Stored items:

(* Let $T$ be a random draft tree generated by Greedy sampling with root $r$, and let $\tilde p_r\in[0,1]$. Let $N_{\rm Mod}(T)$ be the acceptance length of modified UniVer (UniVer with the root's initial prefix acceptance probability set to $\tilde p_r$ instead of $1$) and $N_{\rm Greedy}(T)$ that of the Greedy method (both defined in the context). Then $$\mathbb{E}_T[N_{\rm Mod}(T)]\ \ge\ \tilde p_r\cdot\mathbb{E}_T[N_{\rm Greedy}(T)],$$ where the expectations are over the draft tree and the internal randomness of the procedures.
   Context: Let $\Sigma$ be a finite vocabulary; $\mathcal{M}_b(\cdot\mid x)$ (target) and $\mathcal{M}_s(\cdot\mid x)$ (draft) are conditional distributions on $\Sigma$ for every context $x$. $[x]_+=\max\{x,0\}$. Draft tree: fixed rooted topology (root $r$ at depth $0$, representing the current context); each non-root node carries a token and is identified with the token sequence on the path from $r$; $\mathcal{M}_b(\cdot\mid v),\mathcal{M}_s(\cdot\mid v)$ condition on that sequence. Greedy sampling, top-down: a non-leaf $v$ with $m$ children has children $\mathcal{C}(v)=\{u_1,\dots,u_m\}$, where $u_1,\dots,u_{m-1}$ are the $m-1$ most probable tokens under $\mathcal{M}_s(\cdot\mid v)$ (set $H_v$, ties broken by a fixed rule) and $u_m\sim\mathcal{M}_s^\neg(\cdot\mid v)$, with $\mathcal{M}_s^\neg(x\mid v)=\mathcal{M}_s(x\mid v)/\sum_{y\notin H_v}\mathcal{M}_s(y\mid v)$ for $x\notin H_v$ and $0$ for $x\in H_v$. For $\tilde p\in[0,1]$ and non-leaf $v$: $Z_v(\tilde p)=1-\tilde p+\sum_{x\in\Sigma}[\tilde p\mathcal{M}_b(x\mid v)-\mathcal{M}_s^\neg(x\mid v)]_+$, $p_v^{\tilde p}(u_m)=\min\{1,\tilde p\mathcal{M}_b(u_m\mid v)/\mathcal{M}_s^\neg(u_m\mid v)\}$, for $u\in\Sigma\setminus\{u_m\}$, $p_v^{\tilde p}(u)=[\tilde p\mathcal{M}_b(u\mid v)-\mathcal{M}_s^\neg(u\mid v)]_+(1-p_v^{\tilde p}(u_m))/Z_v(\tilde p)$, and $p_v^{\tilde p}(\neg v)=1-\sum_{u\in\Sigma}p_v^{\tilde p}(u)$. Modified UniVer: Allocation Phase starts from the given $\tilde p_r$ and, top-down, sets $p_v(\cdot)=p_v^{\tilde p_v}(\cdot)$, $\tilde p_{u_j}=p_v(u_j)/(1-\sum_{i<j}p_v(u_i))$ ($j=1,\dots,m$), $\tilde p_v^{\rm res}=1-p_v(\neg v)/(1-\sum_{i=1}^m p_v(u_i))$. Decision Phase: independent $\eta_v\sim U(0,1)$; visit nodes in post-order (recursively the subtrees of $u_1,\dots,u_m$ in order, then the node); stop at the first leaf $v$ with $\eta_v<\tilde p_v$ or non-leaf $v$ with $\eta_v<\tilde p_v^{\rm res}$. $N_{\rm Mod}(T)$ is the depth of the node at which it stops, and $0$ if every node is rejected. Greedy method: start at $c=r$. If $c$ is a leaf, stop. Otherwise sample one token $y\in\Sigma$ with probability $p_c^{1}(y)$ (the formulas above with $\tilde p=1$); if $y\in\mathcal{C}(c)$, set $c=y$ and repeat; otherwise stop. $N_{\rm Greedy}(T)$ is the depth of the node at which it stops. *)

theory Defs
  imports "HOL-Probability.Probability"
begin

TASK TO COMPLETE:
Would you please copy out every line of the data exactly?

ANSWER BELOW:
(* Let $T$ be a random draft tree generated by Greedy sampling with root $r$, and let $\tilde p_r\in[0,1]$. Let $N_{\rm Mod}(T)$ be the acceptance length of modified UniVer (UniVer with the root's initial prefix acceptance probability set to $\tilde p_r$ instead of $1$) and $N_{\rm Greedy}(T)$ that of the Greedy method (both defined in the context). Then $$\mathbb{E}_T[N_{\rm Mod}(T)]\ \ge\ \tilde p_r\cdot\mathbb{E}_T[N_{\rm Greedy}(T)],$$ where the expectations are over the draft tree and the internal randomness of the procedures.
   Context: Let $\Sigma$ be a finite vocabulary; $\mathcal{M}_b(\cdot\mid x)$ (target) and $\mathcal{M}_s(\cdot\mid x)$ (draft) are conditional distributions on $\Sigma$ for every context $x$. $[x]_+=\max\{x,0\}$. Draft tree: fixed rooted topology (root $r$ at depth $0$, representing the current context); each non-root node carries a token and is identified with the token sequence on the path from $r$; $\mathcal{M}_b(\cdot\mid v),\mathcal{M}_s(\cdot\mid v)$ condition on that sequence. Greedy sampling, top-down: a non-leaf $v$ with $m$ children has children $\mathcal{C}(v)=\{u_1,\dots,u_m\}$, where $u_1,\dots,u_{m-1}$ are the $m-1$ most probable tokens under $\mathcal{M}_s(\cdot\mid v)$ (set $H_v$, ties broken by a fixed rule) and $u_m\sim\mathcal{M}_s^\neg(\cdot\mid v)$, with $\mathcal{M}_s^\neg(x\mid v)=\mathcal{M}_s(x\mid v)/\sum_{y\notin H_v}\mathcal{M}_s(y\mid v)$ for $x\notin H_v$ and $0$ for $x\in H_v$. For $\tilde p\in[0,1]$ and non-leaf $v$: $Z_v(\tilde p)=1-\tilde p+\sum_{x\in\Sigma}[\tilde p\mathcal{M}_b(x\mid v)-\mathcal{M}_s^\neg(x\mid v)]_+$, $p_v^{\tilde p}(u_m)=\min\{1,\tilde p\mathcal{M}_b(u_m\mid v)/\mathcal{M}_s^\neg(u_m\mid v)\}$, for $u\in\Sigma\setminus\{u_m\}$, $p_v^{\tilde p}(u)=[\tilde p\mathcal{M}_b(u\mid v)-\mathcal{M}_s^\neg(u\mid v)]_+(1-p_v^{\tilde p}(u_m))/Z_v(\tilde p)$, and $p_v^{\tilde p}(\neg v)=1-\sum_{u\in\Sigma}p_v^{\tilde p}(u)$. Modified UniVer: Allocation Phase starts from the given $\tilde p_r$ and, top-down, sets $p_v(\cdot)=p_v^{\tilde p_v}(\cdot)$, $\tilde p_{u_j}=p_v(u_j)/(1-\sum_{i<j}p_v(u_i))$ ($j=1,\dots,m$), $\tilde p_v^{\rm res}=1-p_v(\neg v)/(1-\sum_{i=1}^m p_v(u_i))$. Decision Phase: independent $\eta_v\sim U(0,1)$; visit nodes in post-order (recursively the subtrees of $u_1,\dots,u_m$ in order, then the node); stop at the first leaf $v$ with $\eta_v<\tilde p_v$ or non-leaf $v$ with $\eta_v<\tilde p_v^{\rm res}$. $N_{\rm Mod}(T)$ is the depth of the node at which it stops, and $0$ if every node is rejected. Greedy method: start at $c=r$. If $c$ is a leaf, stop. Otherwise sample one token $y\in\Sigma$ with probability $p_c^{1}(y)$ (the formulas above with $\tilde p=1$); if $y\in\mathcal{C}(c)$, set $c=y$ and repeat; otherwise stop. $N_{\rm Greedy}(T)$ is the depth of the node at which it stops. *)

theory Defs
  imports "HOL-Probability.Probability"
begin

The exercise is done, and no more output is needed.